Who knows if we succeeded.  The twelve editors of the 2000s—Sky Fauver, Roso, me, Ben Olding, Grabill Junior, Frilly Weidman, James Finley, Rob Verger, Conor Shaw, Ian Axness, Jack Stratton, and Dwight Dunston—did their best to answer the call and overcome the long odds, week after week, to make the ten years compiled in this part of the annals of history at least a tiny bit funnier than the previous ninety, admittedly funny years had been. There was an entirely musical week.  There was the annual positive spin on Tecumseh Day (“Our hair is intact!” “Our sportsmanship was without parallel—again!” “At least we don’t have to watch each other poop!”).  We edited a ton of superlative contributions, too. Among my favorites was Christian Ruf’s article about the Mess Hall Flood and the time that Lake Tent burned to the ground, set to the tune of a mash-up of ‘Wagon Wheel’ and ‘Gin & Juice.’ There was also Penelope Reed Doob’s infamous top ten of the bottom ten Gilbert & Sullivan musicals (Utopia Limited, anyone?); Rob Stenson’s incredible trip report about Upper 3’s 2-day hike up Mt. Guyot and down Mt. Mansfield; Sam Seymour’s diary entries from when he was the Power Table waiter; and who could forget Dan Bendett’s game report from ’06, ostensibly about the 15 & under hoops team’s performance against the chillboys of Lanakila, that wound up being a meditation on meditations and mediations and what the media shuns and meaty shins? During that time, our writing space—where we wrote each panicky Monday afternoon—shifted nearly constantly, because our overlords didn’t want us getting complacent.  We began in the Small Dining Room, shifted to the Sky Box, and from there to the Garden House, the Thunderdome, Rob’s House, the Satellite Lounge, the Clearing, the Landing, the Gravel Pit, Gummi Glen, Publisher’s Clearinghouse, Downton Abbey, and the Manor (not the one on 25A—the Aaron Spelling Estate).  We were angry about our nomadic existence, but we didn’t let that be widely known.  We kept our most biting humor vague, as misinterpretable as a Kosuke Fukudome jersey.

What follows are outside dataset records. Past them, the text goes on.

lemma layered_edge_color_pair [simp]: "layered_edge_color B m {x, y} = layered_color B m x y"
  by (cases "x \<le> y") (simp_all add: layered_edge_color_def max_def min_def layered_color_commute)

lemma layered_color_triangle:
  "layered_color B m a b = layered_color B m b c \<or> layered_color B m b c = layered_color B m a c
     \<or> layered_color B m a b = layered_color B m a c"
  using pentagon_color_triangle[of a b c] unfolding layered_color_def
  by (cases "level B m a" "level B m b" rule: linorder_cases;
      cases "level B m b" "level B m c" rule: linorder_cases;
      cases "level B m a" "level B m c" rule: linorder_cases) (simp_all add: max_def)

lemma level_le:
  assumes "v < B + m * t"
  shows "level B m v \<le> t"
proof (cases "v < B")
  case False
  with assms have "0 < m" by (cases m) auto
  moreover have "v - B < t * m" using False assms by (simp add: mult.commute)
  ultimately have "(v - B) div m < t" by (simp add: div_less_iff_less_mult)
  then show ?thesis using False by (simp add: level_def)
qed (simp add: level_def)

lemma layered_k_coloring: "k_coloring (t + 3) (B + m * t) (layered_edge_color B m)"
  unfolding k_coloring_def
proof
  fix e assume "e \<in> KN_edges (B + m * t)"
  then obtain x y where "e = {x, y}" "x < B + m * t" "y < B + m * t"
    unfolding KN_edges_def by (auto simp: card_2_iff)
  then show "layered_edge_color B m e < t + 3"
    using level_le[of x B m t] level_le[of y B m t] pentagon_color_le[of x y]
    by (auto simp: layered_color_def)
qed

lemma card_level_block:
  assumes "1 \<le> M"
  shows "card {w. w < B + m * t \<and> level B m w = M} \<le> m"
proof -
  have "{w. w < B + m * t \<and> level B m w = M} \<subseteq> {B + (M - 1) * m..<B + M * m}"
  proof
    fix w assume w: "w \<in> {w. w < B + m * t \<and> level B m w = M}"
    then have "B \<le> w" and div: "(w - B) div m = M - 1"
      using assms by (auto simp: level_def split: if_splits)
    then have "0 < m" using w by (cases m) auto
    moreover have "M - 1 \<le> (w - B) div m" "(w - B) div m < M" using div assms by simp_all
    ultimately have "(M - 1) * m \<le> w - B" "w - B < M * m"
      by (simp_all add: less_eq_div_iff_mult_less_eq div_less_iff_less_mult)
    then show "w \<in> {B + (M - 1) * m..<B + M * m}" using \<open>B \<le> w\<close>
      by (simp only: atLeastLessThan_iff) linarith
  qed
  then have "card {w. w < B + m * t \<and> level B m w = M} \<le> card {B + (M - 1) * m..<B + M * m}"
    by (rule card_mono[rotated]) simp
  also have "\<dots> = m"
    using assms by (cases M) simp_all
  finally show ?thesis .
qed

lemma layered_no_rainbow_K3: "\<not> rainbow_copy N (layered_edge_color B m) K3"
  by (rule no_rainbow_K3) (simp add: layered_color_triangle)

lemma layered_color_ge_3D:
  assumes "3 \<le> layered_color B m x y"
  shows "level B m x \<noteq> level B m y"
    and "layered_color B m x y = 2 + max (level B m x) (level B m y)"
  using assms pentagon_color_le[of x y] by (auto simp: layered_color_def split: if_splits)

lemma layered_color_le_2D:
  assumes "layered_color B m x y \<le> 2"
  shows "level B m x = level B m y"
  using assms by (auto simp: layered_color_def split: if_splits)

lemma card_color_nbhd_layered_high:
  assumes "3 \<le> layered_color B m x y"
  shows "card (color_nbhd (B + m * t) (layered_edge_color B m) x (layered_color B m x y)) \<le> m
    \<or> card (color_nbhd (B + m * t) (layered_edge_color B m) y (layered_color B m x y)) \<le> m"
proof -
  let ?nbhd = "color_nbhd (B + m * t) (layered_edge_color B m)"
  let ?M = "max (level B m x) (level B m y)"
  have lower_end: "card (?nbhd z (2 + ?M)) \<le> m" if "level B m z < ?M" for z
  proof -
    have "?nbhd z (2 + ?M) \<subseteq> {w. w < B + m * t \<and> level B m w = ?M}"
    proof
      fix w assume w: "w \<in> ?nbhd z (2 + ?M)"
      then have "layered_color B m z w = 2 + ?M" by (simp add: color_nbhd_def)
      with that have "max (level B m z) (level B m w) = ?M"
        using layered_color_ge_3D(2)[of B m z w] by simp
      with that w show "w \<in> {w. w < B + m * t \<and> level B m w = ?M}"
        by (auto simp: color_nbhd_def max_def split: if_splits)
    qed
    then have "card (?nbhd z (2 + ?M)) \<le> card {w. w < B + m * t \<and> level B m w = ?M}"
      by (rule card_mono[rotated]) simp
    also have "\<dots> \<le> m"
      using that by (intro card_level_block) simp
    finally show ?thesis .
  qed
  from layered_color_ge_3D(1)[OF assms] have "level B m x < ?M \<or> level B m y < ?M" by auto
  then show ?thesis using lower_end layered_color_ge_3D(2)[OF assms] by auto
qed

lemma card_color_nbhd_layered_low:
  assumes "i \<le> 2" and "B = 5 * s + e" and "m \<le> 2 * s + e"
  shows "card (color_nbhd (B + m * t) (layered_edge_color B m) x i) \<le> 2 * s + e"
proof -
  let ?nbhd = "color_nbhd (B + m * t) (layered_edge_color B m)"
  have same_level: "?nbhd x i \<subseteq> {w. w < B + m * t \<and> level B m w = level B m x}"
    using assms(1) layered_color_le_2D[of B m x] by (auto simp: color_nbhd_def)
  show ?thesis
  proof (cases "level B m x = 0")
    case True
    let ?R = "{r. r < 5 \<and> pentagon_color x r = i}"
    have "?nbhd x i \<subseteq> {w. w < 5 * s + e \<and> w mod 5 \<in> ?R}"
    proof
      fix w assume w: "w \<in> ?nbhd x i"
      from subsetD[OF same_level w] True have "level B m w = 0" by simp
      then have "w < 5 * s + e" using assms(2) by (simp add: level_def split: if_splits)
      moreover have "pentagon_color x (w mod 5) = i"
        using w True \<open>level B m w = 0\<close> pentagon_color_cong[of x x "w mod 5" w]
        by (simp add: color_nbhd_def layered_color_def)
      ultimately show "w \<in> {w. w < 5 * s + e \<and> w mod 5 \<in> ?R}" by simp
    qed
    then have "card (?nbhd x i) \<le> card {w. w < 5 * s + e \<and> w mod 5 \<in> ?R}"
      by (rule card_mono[rotated]) simp
    also have "\<dots> \<le> s * card ?R + e"
      by (rule card_residues_below) simp
    also have "\<dots> \<le> 2 * s + e"
      using card_pentagon_color_class[of x i] by simp
    finally show ?thesis .
  next
    case False
    from same_level have "card (?nbhd x i) \<le> card {w. w < B + m * t \<and> level B m w = level B m x}"
      by (rule card_mono[rotated]) simp
    also have "\<dots> \<le> m"
      using False by (intro card_level_block) simp
    finally show ?thesis using assms(3) by simp
  qed
qed

lemma layered_no_mono_double_star:
  assumes "B = 5 * s + e" and "n = 2 * s + e" and "m \<le> n"
  shows "\<not> mono_copy (B + m * t) (layered_edge_color B m) (double_star n m)"
proof
  let ?nbhd = "color_nbhd (B + m * t) (layered_edge_color B m)"
  assume "mono_copy (B + m * t) (layered_edge_color B m) (double_star n m)"
  then obtain u v
    where u: "n + 1 \<le> card (?nbhd u (layered_color B m u v))"
      and v: "m + 1 \<le> card (?nbhd v (layered_color B m u v))"
    by (auto elim: mono_double_star_centres)
  show False
  proof (cases "layered_color B m u v \<le> 2")
    case True
    then show False
      using card_color_nbhd_layered_low[OF True assms(1), of m t u] u assms(2,3) by simp
  next
    case False
    then show False
      using card_color_nbhd_layered_high[of B m u v t] u v assms(3) by linarith
  qed
qed

theorem lemma2:
  fixes n m k :: nat
  assumes "n \<ge> m" and "k \<ge> 4"
  shows "gr k K3 (double_star n m) \<ge>
           enat (if even n then 5 * (n div 2) + m * (k - 3) + 1
                 else 5 * ((n - 1) div 2) + m * (k - 3) + 2)"
proof -
  define s e t where "s = n div 2" and "e = n mod 2" and "t = k - 3"
  have n: "n = 2 * s + e" and k: "k = t + 3"
    using assms(2) by (simp_all add: s_def e_def t_def)
  have bound: "(if even n then 5 * (n div 2) + m * (k - 3) + 1
      else 5 * ((n - 1) div 2) + m * (k - 3) + 2) = Suc (5 * s + e + m * t)"
    unfolding s_def e_def t_def by (cases "even n") (auto elim: oddE)
  have "enat (5 * s + e + m * t) < gr k K3 (double_star n m)"
    unfolding k
    by (rule less_gr_by_coloring[OF layered_k_coloring layered_no_rainbow_K3 layered_no_mono_double_star])
      (use n assms(1) in simp_all)
  then show ?thesis
    unfolding bound by (simp add: Suc_ile_eq)
qed
section \<open>Comparison with the Kantorovich potential\<close>

lemma has_marginals_imp_has_marginal_sum:
  fixes \<gamma> :: "(real^'n) measure"
  assumes \<gamma>: "prob_on_cube \<gamma>" and hm: "has_marginals \<gamma> \<rho>"
    and \<rho>: "set_integrable lborel Iper \<rho>" "\<forall>t\<in>Iper. 0 \<le> \<rho> t"
  shows "has_marginal_sum \<gamma> (\<lambda>t. real CARD('n) * \<rho> t)"
  unfolding has_marginal_sum_def
proof
  fix A :: "real set" assume A: "A \<in> sets borel"
  have density_measurable: "(\<lambda>t. ennreal (\<rho> t) * indicator Iper t) \<in> borel_measurable lborel"
  proof -
    have [measurable]: "(\<lambda>t. indicator Iper t * \<rho> t) \<in> borel_measurable borel"
      using \<rho>(1) by (simp add: set_integrable_def borel_measurable_integrable)
    have "(\<lambda>t. ennreal (indicator Iper t * \<rho> t)) \<in> borel_measurable lborel"
      by measurable
    moreover have "(\<lambda>t. ennreal (indicator Iper t * \<rho> t)) = (\<lambda>t. ennreal (\<rho> t) * indicator Iper t)"
      by (auto simp: indicator_def fun_eq_iff)
    ultimately show ?thesis
      by simp
  qed
  have "measure \<gamma> {x \<in> space \<gamma>. x $ j \<in> A} = (LINT t:(A \<inter> Iper)|lborel. \<rho> t)" for j
  proof -
    have "measure \<gamma> {x \<in> space \<gamma>. x $ j \<in> A} = measure (distr \<gamma> borel (\<lambda>x. x $ j)) A"
      using A prob_on_cube_measurable_vec_nth[OF \<gamma>] by (simp add: measure_distr vimage_def Int_def conj_commute)
    also have "\<dots> = enn2real (\<integral>\<^sup>+t. ennreal (\<rho> t) * indicator Iper t * indicator A t \<partial>lborel)"
      using hm A unfolding has_marginals_def measure_def
      by (simp add: emeasure_density[OF density_measurable])
    also have "(\<integral>\<^sup>+t. ennreal (\<rho> t) * indicator Iper t * indicator A t \<partial>lborel)
        = ennreal (LINT t:(A \<inter> Iper)|lborel. \<rho> t)"
      unfolding set_lebesgue_integral_def
    proof (subst nn_integral_eq_integral[symmetric])
      show "integrable lborel (\<lambda>t. indicator (A \<inter> Iper) t *\<^sub>R \<rho> t)"
        using set_integrable_subset[OF \<rho>(1), of "A \<inter> Iper"] A by (simp add: set_integrable_def)
      show "AE t in lborel. 0 \<le> indicator (A \<inter> Iper) t *\<^sub>R \<rho> t"
        using \<rho>(2) by (simp add: indicator_def)
    qed (auto intro!: nn_integral_cong simp: indicator_def)
    also have "enn2real \<dots> = (LINT t:(A \<inter> Iper)|lborel. \<rho> t)"
      unfolding set_lebesgue_integral_def
      using \<rho>(2) by (intro enn2real_ennreal integral_nonneg_AE AE_I2) (simp add: indicator_def)
    finally show ?thesis .
  qed
  then show "(\<Sum>j\<in>UNIV. measure \<gamma> {x \<in> space \<gamma>. x $ j \<in> A}) = (LINT t:(A \<inter> Iper)|lborel. real CARD('n) * \<rho> t)"
    by simp
qed

lemma F_OT_ge_pairing:
  fixes c :: "real^'n \<Rightarrow> ereal" and v \<rho> :: "real \<Rightarrow> real"
  assumes c_cont: "continuous_on Icube c" and v: "set_integrable lborel Iper v"
    and c_ge: "AE x in lborel. x \<in> Icube \<longrightarrow> ereal (\<Sum>j\<in>UNIV. v (x $ j)) \<le> c x"
    and \<rho>: "continuous_on Iper \<rho>" "\<forall>t\<in>Iper. 0 \<le> \<rho> t"
  shows "ereal (real CARD('n) * L1_pair v \<rho>) \<le> F_OT c \<rho>"
  unfolding F_OT_def
proof (rule Inf_greatest, clarify)
  fix \<gamma> :: "(real^'n) measure"
  assume \<gamma>: "prob_on_cube \<gamma>" and hm: "has_marginals \<gamma> \<rho>"
  have "has_marginal_sum \<gamma> (\<lambda>t. real CARD('n) * \<rho> t)"
    using \<gamma> hm continuous_on_Iper_set_integrable[OF \<rho>(1)] \<rho>(2)
    by (rule has_marginals_imp_has_marginal_sum)
  then have "ereal (LINT t:Iper|lborel. real CARD('n) * \<rho> t * v t) \<le> ereal_integral \<gamma> c"
    using c_cont v c_ge \<gamma> \<rho>(1) by (intro ereal_integral_ge_pairing) (auto intro: continuous_intros)
  moreover have "(LINT t:Iper|lborel. real CARD('n) * \<rho> t * v t) = real CARD('n) * L1_pair v \<rho>"
    unfolding L1_pair_def by (simp add: mult.assoc mult.commute[of "\<rho> _"] flip: set_integral_mult_right)
  ultimately show "ereal (real CARD('n) * L1_pair v \<rho>) \<le> ereal_integral \<gamma> c"
    by simp
qed

lemma positive_functional_eq_0_if_nonpos_at_unit:
  fixes u :: "('a \<Rightarrow> real) \<Rightarrow> real"
  assumes closed: "\<And>\<xi> \<eta> a b. H \<xi> \<Longrightarrow> H \<eta> \<Longrightarrow> H (\<lambda>x. a * \<xi> x + b * \<eta> x)"
    and linear: "\<And>\<xi> \<eta> a b. H \<xi> \<Longrightarrow> H \<eta> \<Longrightarrow> u (\<lambda>x. a * \<xi> x + b * \<eta> x) = a * u \<xi> + b * u \<eta>"
    and positive: "\<And>\<xi>. H \<xi> \<Longrightarrow> \<forall>x\<in>S. 0 \<le> \<xi> x \<Longrightarrow> 0 \<le> u \<xi>"
    and unit: "H \<rho>" "0 < m" "\<forall>x\<in>S. m \<le> \<rho> x" "u \<rho> \<le> 0"
    and \<xi>: "H \<xi>" "\<forall>x\<in>S. \<bar>\<xi> x\<bar> \<le> M"
  shows "u \<xi> = 0"
proof -
  define C where "C = \<bar>M\<bar> / m"
  have C: "0 \<le> C" "C * m = \<bar>M\<bar>"
    using unit(2) by (simp_all add: C_def)
  have "0 \<le> s * u \<xi>" if s: "\<bar>s\<bar> = 1" for s
  proof -
    have "0 \<le> C * \<rho> x + s * \<xi> x" if x: "x \<in> S" for x
    proof -
      have "\<bar>s * \<xi> x\<bar> \<le> C * m"
        using \<xi>(2) x s C(2) by (auto simp: abs_mult)
      also have "\<dots> \<le> C * \<rho> x"
        using unit(3) x C(1) by (simp add: mult_left_mono)
      finally show ?thesis
        using abs_le_iff[of "s * \<xi> x"] by linarith
    qed
    then have "0 \<le> u (\<lambda>x. C * \<rho> x + s * \<xi> x)"
      using positive closed unit(1) \<xi>(1) by blast
    also have "\<dots> = C * u \<rho> + s * u \<xi>"
      using linear unit(1) \<xi>(1) by blast
    also have "\<dots> \<le> s * u \<xi>"
      using C(1) unit(4) by (simp add: mult_nonneg_nonpos)
    finally show ?thesis .
  qed
  from this[of 1] this[of "-1"] show ?thesis
    by simp
qed

lemma L1_pair_eq_normalized_potential:
  fixes c :: "real^'n \<Rightarrow> ereal"
  assumes c_cont: "continuous_on Icube c" and v: "set_integrable lborel Iper v"
    and c_ge: "AE x in lborel. x \<in> Icube \<longrightarrow> ereal (\<Sum>j\<in>UNIV. v (x $ j)) \<le> c x"
    and \<rho>: "Dper \<rho>" and v0: "normalized_gen_kantorovich_potential c \<rho> v0"
    and above: "\<forall>\<xi>. H1per \<xi> \<and> (\<forall>x\<in>Iper. \<xi> x \<ge> 0) \<longrightarrow> L1_pair v \<xi> - v0 \<xi> \<ge> 0"
    and \<xi>: "H1per \<xi>"
  shows "L1_pair v \<xi> = v0 \<xi>"
proof -
  have \<rho>_H1: "H1per \<rho>" and \<rho>_nonneg: "\<forall>x\<in>Iper. 0 \<le> \<rho> x"
    using \<rho> by (auto simp: Dper_def less_imp_le)
  have v0_linear: "v0 (\<lambda>x. a * \<xi> x + b * \<eta> x) = a * v0 \<xi> + b * v0 \<eta>"
    if "H1per \<xi>" "H1per \<eta>" for \<xi> \<eta> a b
    using v0 that
    by (simp add: normalized_gen_kantorovich_potential_def gen_kantorovich_potential_def Hm1per_def)
  have "ereal (real CARD('n) * L1_pair v \<rho>) \<le> ereal (real CARD('n) * v0 \<rho>)"
    using F_OT_ge_pairing[OF c_cont v c_ge H1per_continuous[OF \<rho>_H1] \<rho>_nonneg] v0
    by (simp add: normalized_gen_kantorovich_potential_def)
  then have at_\<rho>: "L1_pair v \<rho> - v0 \<rho> \<le> 0"
    by simp
  obtain m where m: "0 < m" "\<forall>x\<in>Iper. m \<le> \<rho> x"
    using Dper_bounded_below[OF \<rho>] by blast
  obtain M where M: "\<forall>x\<in>Iper. \<bar>\<xi> x\<bar> \<le> M"
    using H1per_bounded[OF \<xi>] by blast
  have linear: "L1_pair v (\<lambda>x. a * \<xi> x + b * \<eta> x) - v0 (\<lambda>x. a * \<xi> x + b * \<eta> x)
      = a * (L1_pair v \<xi> - v0 \<xi>) + b * (L1_pair v \<eta> - v0 \<eta>)"
    if "H1per \<xi>" "H1per \<eta>" for \<xi> \<eta> a b
    using L1_pair_lincomb[OF v H1per_continuous[OF that(1)] H1per_continuous[OF that(2)]]
      v0_linear[OF that] by (simp add: algebra_simps)
  have "L1_pair v \<xi> - v0 \<xi> = 0"
    using above
    by (intro positive_functional_eq_0_if_nonpos_at_unit[where u = "\<lambda>\<xi>. L1_pair v \<xi> - v0 \<xi>",
          OF H1per_lincomb linear _ \<rho>_H1 m at_\<rho> \<xi> M]) auto
  then show ?thesis
    by simp
qed

theorem lemma5p3:
  fixes c :: "real ^ 'n \<Rightarrow> ereal" and v :: "real \<Rightarrow> real"
  assumes c_cont: "continuous_on Icube c"
    and c_not_minf: "\<forall>x\<in>Icube. c x \<noteq> -\<infinity>"
    and v_L1: "set_integrable lborel Iper v"
    and c_ge: "AE x in lborel. x \<in> Icube \<longrightarrow> c x - ereal (\<Sum>j\<in>UNIV. v (x $ j)) \<ge> 0"
  shows "(\<forall>\<gamma> \<rho>\<gamma>. prob_on_cube \<gamma> \<and> continuous_on Iper \<rho>\<gamma>
            \<and> (\<forall>A\<in>sets borel. (\<Sum>j\<in>UNIV. measure \<gamma> {x\<in>space \<gamma>. x $ j \<in> A})
                                 = (LINT t:(A \<inter> Iper)|lborel. \<rho>\<gamma> t))
          \<longrightarrow> ereal_integral \<gamma> c - ereal (LINT t:Iper|lborel. \<rho>\<gamma> t * v t) \<ge> 0)
       \<and> (\<forall>\<rho> v0. Dper \<rho> \<and> normalized_gen_kantorovich_potential c \<rho> v0
            \<and> (\<forall>\<xi>. H1per \<xi> \<and> (\<forall>x\<in>Iper. \<xi> x \<ge> 0) \<longrightarrow> L1_pair v \<xi> - v0 \<xi> \<ge> 0)
          \<longrightarrow> (\<forall>\<xi>. H1per \<xi> \<longrightarrow> L1_pair v \<xi> = v0 \<xi>))"
proof -
  have c_ge': "AE x in lborel. x \<in> Icube \<longrightarrow> ereal (\<Sum>j\<in>UNIV. v (x $ j)) \<le> c x"
    using c_ge by (simp add: ereal_diff_nonneg_iff)
  show ?thesis
  proof (intro conjI allI impI; elim conjE)
    fix \<gamma> :: "(real^'n) measure" and \<rho>\<gamma>
    assume "prob_on_cube \<gamma>" "continuous_on Iper \<rho>\<gamma>"
      "\<forall>A\<in>sets borel. (\<Sum>j\<in>UNIV. measure \<gamma> {x\<in>space \<gamma>. x $ j \<in> A})
                        = (LINT t:(A \<inter> Iper)|lborel. \<rho>\<gamma> t)"
    then show "0 \<le> ereal_integral \<gamma> c - ereal (LINT t:Iper|lborel. \<rho>\<gamma> t * v t)"
      using ereal_integral_ge_pairing[OF c_cont v_L1 c_ge']
      by (simp add: has_marginal_sum_def ereal_diff_nonneg_iff)
  next
    fix \<rho> v0 \<xi>
    assume "Dper \<rho>" "normalized_gen_kantorovich_potential c \<rho> v0"
      "\<forall>\<xi>. H1per \<xi> \<and> (\<forall>x\<in>Iper. 0 \<le> \<xi> x) \<longrightarrow> 0 \<le> L1_pair v \<xi> - v0 \<xi>" "H1per \<xi>"
    then show "L1_pair v \<xi> = v0 \<xi>"
      by (rule L1_pair_eq_normalized_potential[OF c_cont v_L1 c_ge'])
  qed
qed

end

Really, though, in the end, all you’re left with is your deeds.  One can’t control how history will judge…one.  But let’s hope history has a broad and generous sense of humor.

Don’t worry about us; we’ll be fine.  Editors don’t lose sleep over whether you thought they were funny.  See, the secret of Bean Soup is that we thought we were funny.  Every article that made it to the Monday night table was one that made at least its author laugh.  Real belly laughs, I’m talking here.  (Verger’s high-pitched giggles counted, too.)    Egotism is what makes the Soup truly tasty, after all.  Deniers gonna deny and haters gonna hate, but I speak the truth.

Josh with his entourage, former campers and counselors who spent summers with him as a counselors.  Taken in 2000.

Josh with his entourage, former campers and counselors who spent summers, 1997-2001, with him as a cabin counselor. Photo taken in 2001.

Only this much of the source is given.